In a consensus document on the optimal management of antithrombotic therapy in AF patients undergoing PCI/stenting, various antithrombotic strategies have been offered according to the haemorrhagic risk and the clinical setting (elective or acute) [22]. At discharge from hospital, triple antithrombotic therapy (oral anticoagulation, aspirin, and clopidogrel) is recommended, ranging from ≥2 weeks for elective procedures with high haemorrhagic risk up to 6 months for acute coronary syndrome procedures when the bleeding risk is low or intermediate. According to the type of procedure, this regimen is then followed by OAC plus clopidogrel for up to 12 months. Thereafter, warfarin alone is recommended lifelong, and this theoretically should have been the strategy in a majority of our patients treated with PCI [1,22,24].

Current recommendations are based largely on limited evidence from small, single-centre, and retrospectively analysed cohorts [27]. Thus there is a definite need for large-scale registries that reflect patients treated in everyday practice, such as CLARIFY, and prospective clinical studies to determine the optimal management of patients with AF and stable CAD. The development of direct oral anticoagulants, which are more convenient to use and more effective than warfarin in reducing the rates of stroke and systemic embolism with similar rates of major haemorrhage, may be promising for patients with CAD and AF [28,29]. They may improve adherence to guidelines, although further (randomized) studies are needed in this setting.

Limitations

This study is limited by its observational design. Given the diagnostic methods used with no systematic ambulatory monitoring, the prevalence of paroxysmal AF may have been underestimated, but use of OAC is likely to be even lower in these patients with undiagnosed AF. Although we adjusted for several variables, residual confounding, including variables related to the severity of CAD, may account for some of the observed differences between patients treated with OAC or with antiplatelet therapy. The lack of information on the percentage of patients who had stents implanted and the proportion of bare-metal versus drug-eluting stents represents an issue, as this might have substantially impacted on the prescription as well as duration of antithrombotic therapies, especially of antiplatelets. We did not perform an analysis evaluating whether patients received the same antithrombotic drug during the entire follow-up period or for how long they received it. Nor did we retrieve information on how OAC was monitored or about the quality of anticoagulation control for warfarin.
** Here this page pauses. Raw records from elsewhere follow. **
lemma union_log_mass_bound:
  fixes Q :: "nat \<Rightarrow> 'w \<Rightarrow> 'a::euclidean_space measure"
  assumes prob: "prob_space P"
    and borel_Q: "\<And>N w. N \<ge> 1 \<Longrightarrow> w \<in> space P \<Longrightarrow> sets (Q N w) = sets borel"
    and random_Q: "\<And>N A. N \<ge> 1 \<Longrightarrow> A \<in> sets borel \<Longrightarrow> (\<lambda>w. emeasure (Q N w) A) \<in> borel_measurable P"
    and F: "finite F" "F \<noteq> {}" "F \<subseteq> sets borel"
    and concentration:
      "(\<lambda>N. enn2ereal (\<integral>\<^sup>+ w. e2ennreal (edist (elog (emeasure (Q N w) (\<Union>F)))
                (Max ((\<lambda>A. EE P (\<lambda>w'. elog (emeasure (Q N w') A))) ` F))) \<partial>P) / ereal (real N))
         \<longlonglongrightarrow> 0"
    and pieces: "\<And>A. A \<in> F \<Longrightarrow>
       eventually (\<lambda>N. EE P (\<lambda>w. elog (emeasure (Q N w) A)) / ereal (real N) < ereal B) sequentially"
    and V: "V \<in> sets borel" "V \<subseteq> \<Union>F"
  shows "limsup (\<lambda>N. EE P (\<lambda>w. elog (emeasure (Q N w) V)) / ereal (real N)) \<le> ereal B"
proof (rule ereal_le_epsilon2)
  fix e :: real assume e: "0 < e"
  have UF: "\<Union>F \<in> sets borel" using F by (intro sets.finite_Union) auto
  have "eventually (\<lambda>N. \<forall>A\<in>F. EE P (\<lambda>w. elog (emeasure (Q N w) A)) / ereal (real N) < ereal B)
      sequentially"
    using F(1) pieces by (intro eventually_ball_finite) auto
  moreover have "eventually (\<lambda>N. enn2ereal (\<integral>\<^sup>+ w. e2ennreal (edist (elog (emeasure (Q N w) (\<Union>F)))
                (Max ((\<lambda>A. EE P (\<lambda>w'. elog (emeasure (Q N w') A))) ` F))) \<partial>P) / ereal (real N)
                < ereal e) sequentially"
    using order_tendstoD(2)[OF concentration] e by simp
  ultimately have "eventually (\<lambda>N. EE P (\<lambda>w. elog (emeasure (Q N w) V)) / ereal (real N)
      \<le> ereal B + ereal e) sequentially"
    using eventually_ge_at_top[of 1]
  proof eventually_elim
    case (elim N)
    have "real N > 0" using elim(3) by simp
    from union_log_mass_step[OF prob _ random_Q[OF elim(3) UF] F(1,2) UF this elim(1,2) V]
    show ?case using borel_Q[OF elim(3)] by blast
  qed
  then show "limsup (\<lambda>N. EE P (\<lambda>w. elog (emeasure (Q N w) V)) / ereal (real N)) \<le> ereal B + ereal e"
    by (rule Limsup_bounded)
qed

text \<open>
  A half-space cover of S at level B: finitely many pairs (\<Lambda>, a) whose closed half-spaces
  {a \<le> <y,\<Lambda>>} cover S and satisfy I(\<Lambda>) < B + a, so that each half-space has exponential
  mass at most B by the half-space bound.
\<close>

definition halfspace_cover ::
    "('a::euclidean_space \<Rightarrow> ereal) \<Rightarrow> real \<Rightarrow> 'a set \<Rightarrow> ('a \<times> real) set \<Rightarrow> bool" where
  "halfspace_cover I B S H \<longleftrightarrow>
     finite H \<and> (\<forall>(\<Lambda>, a)\<in>H. I \<Lambda> < ereal (B + a)) \<and> S \<subseteq> (\<Union>(\<Lambda>, a)\<in>H. {y. a \<le> y \<bullet> \<Lambda>})"

lemma halfspace_cover_Un:
  "halfspace_cover I B S H \<Longrightarrow> halfspace_cover I B T G \<Longrightarrow> halfspace_cover I B (S \<union> T) (H \<union> G)"
  unfolding halfspace_cover_def by blast

lemma Istar_less_imp_halfspace:
  assumes "Istar I x < ereal B"
  shows "\<exists>\<Lambda> a. a < x \<bullet> \<Lambda> \<and> I \<Lambda> < ereal (B + a)"
proof -
  obtain \<Lambda> where L: "- ereal (x \<bullet> \<Lambda>) + I \<Lambda> < ereal B"
    using assms by (auto simp: Istar_def INF_less_iff)
  show ?thesis
  proof (cases "I \<Lambda>")
    case (real r)
    then have "r - B < x \<bullet> \<Lambda>" using L by simp
    then show ?thesis using real
      by (intro exI[of _ \<Lambda>] exI[of _ "(x \<bullet> \<Lambda> + r - B) / 2"]) (auto simp: field_simps)
  next
    case MInf
    then show ?thesis by (intro exI[of _ \<Lambda>] exI[of _ "x \<bullet> \<Lambda> - 1"]) auto
  qed (use L in simp)
qed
Investigators were free to select the antithrombotic treatments, and such choices are influenced by patient and lesion characteristics: it may be that patients/lesions presumed to be at higher risk of stent thrombosis were preferably treated by antiplatelet therapy to reduce this risk, even in so-called stable CAD after 12 months. Similarly, the expected risk of bleeding may have influenced the type of antithrombotic treatment prescribed, although this does not clearly appear in our multivariable analysis. The lack of use of OAC therefore represents a missed opportunity to prevent an adverse event in patients with AF, but it is possible that operators succeed in equalizing risks and benefits in different patients with CAD and AF by adequate selection of PCI with or without stenting and antithrombotic treatment among different patient groups.

Conclusion

In this contemporary international cohort of patients with stable CAD and AF, most of whom are theoretical candidates for anticoagulation, OACs were used in a minority, indicating a gap between guidelines for AF and everyday clinical practice.